アーサー・ラッセルが海辺でフィールド・レコーディングしている写真がとても印象的です。海は彼にとって特別な場所だったのでしょうね。彼の音楽のほとんどが都会的ですが、あなたが彼の音楽のなかに海を感じる作品があるとしたらどの曲ですか?

ティム:伝記でもかなり詳細にわたって書いたように、アーサーは水辺を愛していました。彼は海なし州のアイオワで育ち、その結果彼にとって水はとても魅惑的なものだったんです。なかには「Let's Go Swimming」や「Platform on the Ocean」のように直接的に水に言及しているレコードもありますが、流れや逆流による流動的な美学を作り上げているレコードはもっとたくさんあるんですよ。ですがアーサーの音楽の多くがとても都会的に聞こえるとおっしゃるのはまさにその通りで、彼自身ボーイフレンドのひとりに、ジョン・ケージの作品も都会で生活しながら作曲されていればまったく違うものになっていただろうと話していたそうです。究極的には、アーサーはさまざまな環境に影響を受けた音楽家でした。彼の音楽からはアイオワ州のなだらかな平原も聞き取れますし、サンフランシスコに住んでいたときには、彼と友人たちはギターやその他の楽器を携えて何日も山のなかでハイキングして過ごしたそうです。アーサーはこの世界の多種多様な神秘を体験し、その素晴らしさを自身の音楽に表現しようとしていたんです。

いま世界はとても不安定な状態になっています。とくにここ10年は、さまざまな都市でデモや抗議運動が起きています。また、いまや国家よりも大企業のほうが力を持つようになってしまいました。こうした新しい世界においても音楽は貴重な気休めや娯楽として機能すると思いますが、もし音楽に娯楽以上のものを望むとしたら、あなたは願わくば音楽にどうなって欲しいと思いますか?
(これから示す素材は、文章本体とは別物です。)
lemma cycle_arcs_in_unique:
  assumes "distinct ys" "cycle_arcs ys u v" "cycle_arcs ys u' v"
  shows "u = u'"
proof -
  obtain i j where ij: "i < length ys" "j < length ys" "u = ys ! i" "u' = ys ! j"
    and "ys ! (Suc i mod length ys) = ys ! (Suc j mod length ys)"
    using assms(2,3) unfolding cycle_arcs_def by blast
  moreover have "Suc i mod length ys < length ys" "Suc j mod length ys < length ys"
    using ij by simp_all
  ultimately have "Suc i mod length ys = Suc j mod length ys"
    using assms(1) by (simp add: nth_eq_iff_index_eq)
  then show ?thesis using ij Suc_mod_inj by blast
qed

lemma cycle_arcs_antisym:
  assumes "distinct ys" "3 \<le> length ys"
  shows "\<not> (cycle_arcs ys u v \<and> cycle_arcs ys v u)"
proof
  let ?L = "length ys"
  assume "cycle_arcs ys u v \<and> cycle_arcs ys v u"
  then obtain i j where ij: "i < ?L" "j < ?L"
    and "ys ! j = ys ! (Suc i mod ?L)" "ys ! i = ys ! (Suc j mod ?L)"
    unfolding cycle_arcs_def by blast
  moreover have "Suc i mod ?L < ?L" "Suc j mod ?L < ?L"
    using ij by simp_all
  ultimately have "j = Suc i mod ?L" "i = Suc j mod ?L"
    using assms(1) by (simp_all add: nth_eq_iff_index_eq)
  then have "i = Suc (Suc i) mod ?L" by (metis mod_Suc_eq)
  then show False using ij assms(2) by (cases "Suc (Suc i) < ?L") (auto simp: mod_if split: if_splits)
qed

lemma cycle_arcs_exists_out:
  assumes "v \<in> set ys"
  shows "\<exists>u. cycle_arcs ys v u"
  using assms unfolding cycle_arcs_def in_set_conv_nth by blast

lemma cycle_arcs_exists_in:
  assumes "v \<in> set ys"
  shows "\<exists>u. cycle_arcs ys u v"
proof -
  let ?L = "length ys"
  obtain i where i: "i < ?L" "v = ys ! i" using assms by (auto simp: in_set_conv_nth)
  have "Suc (i + ?L - 1) = i + ?L" using i by simp
  then have "Suc ((i + ?L - 1) mod ?L) mod ?L = i"
    using i by (simp add: mod_Suc_eq)
  then have "cycle_arcs ys (ys ! ((i + ?L - 1) mod ?L)) v"
    unfolding cycle_arcs_def using i by (intro exI[of _ "(i + ?L - 1) mod ?L"]) auto
  then show ?thesis by blast
qed

lemma cycle_arcs_in_set:
  assumes "cycle_arcs ys u v"
  shows "u \<in> set ys" "v \<in> set ys"
  using assms unfolding cycle_arcs_def by (auto intro!: nth_mem)

lemma card_cycle_arcs_out_le_1:
  assumes "distinct ys" "finite V"
  shows "card {u\<in>V. cycle_arcs ys v u} \<le> 1"
  using assms(2) cycle_arcs_out_unique[OF assms(1)] by (simp add: card_le_Suc0_iff_eq) blast

lemma card_cycle_arcs_in_le_1:
  assumes "distinct ys" "finite V"
  shows "card {u\<in>V. cycle_arcs ys u v} \<le> 1"
  using assms(2) cycle_arcs_in_unique[OF assms(1)] by (simp add: card_le_Suc0_iff_eq) blast

lemma cycle_arcs_out_empty_iff:
  assumes "set ys \<subseteq> V"
  shows "{u\<in>V. cycle_arcs ys v u} = {} \<longleftrightarrow> v \<notin> set ys"
  using assms cycle_arcs_exists_out[of v ys] cycle_arcs_in_set[of ys v] by blast

lemma cycle_arcs_in_empty_iff:
  assumes "set ys \<subseteq> V"
  shows "{u\<in>V. cycle_arcs ys u v} = {} \<longleftrightarrow> v \<notin> set ys"
  using assms cycle_arcs_exists_in[of v ys] cycle_arcs_in_set[of ys _ v] by blast

lemma card_eq_if_card_le_1:
  assumes "finite A" "finite B" "card A \<le> 1" "card B \<le> 1" "A = {} \<longleftrightarrow> B = {}"
  shows "card A = card B"
  using assms by (cases "A = {}") (auto simp: le_Suc_eq card_0_eq)

lemma disjoint_cycles_cycle_arcs:
  assumes "distinct ys" "set ys \<subseteq> V" "finite V"
  shows "disjoint_cycles V (cycle_arcs ys)"
  unfolding disjoint_cycles_def
proof
  fix v assume "v \<in> V"
  show "card {u\<in>V. cycle_arcs ys v u} \<le> 1 \<and>
      card {u\<in>V. cycle_arcs ys u v} = card {u\<in>V. cycle_arcs ys v u}"
    using card_cycle_arcs_out_le_1[OF assms(1,3)] card_cycle_arcs_in_le_1[OF assms(1,3)]
      cycle_arcs_out_empty_iff[OF assms(2)] cycle_arcs_in_empty_iff[OF assms(2)] assms(3)
    by (simp add: card_eq_if_card_le_1)
qed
ティム:まずはじめに、「たんなる娯楽」はさほど悪いスタートラインではないと私は思うんですよ。音楽が厳しい環境のなかでの楽しみや気休めを与えてくれるのであれば、それはとてつもなく重要なことです。でも私は音楽にはそれ以上のことが――人と人を結びつけて、進歩する新しいコミュニティを作ることができるとも思っています。1970年代のニューヨークではそれが非常に顕著で、それはいまでも続いています。緊密で進歩的なコミュニティの形成では不充分だと言われる方もいるでしょうが、アーサーはカウンター・カルチャー運動の時代を生き、それが掲げた途方もなく野心的な目標の多くを達成し損ねた様をその目で見ているんです。アーサーとその友人たちは、世界を簡単に変えられる方法など存在しないということに気づき、さほど壮大ではない目標を掲げ、それに応じて単純に進歩主義の重要な一端を――人びとがコラボレートし、お互いを求めあい、創造的であれる一端を築こうとしました。私はそういう一端が後にそれに触れる人びとに大きな影響を与え、より進歩主義的な未来の礎を築いてくれるものだと固く信じています。
 押し潰されたい人間なんてどこにもいません、みんな喜びや機会に溢れた人生を生きたいと願っているのです。そして人間は音楽のなかにこそ他の社会の面影を見出すことができるのだと思います。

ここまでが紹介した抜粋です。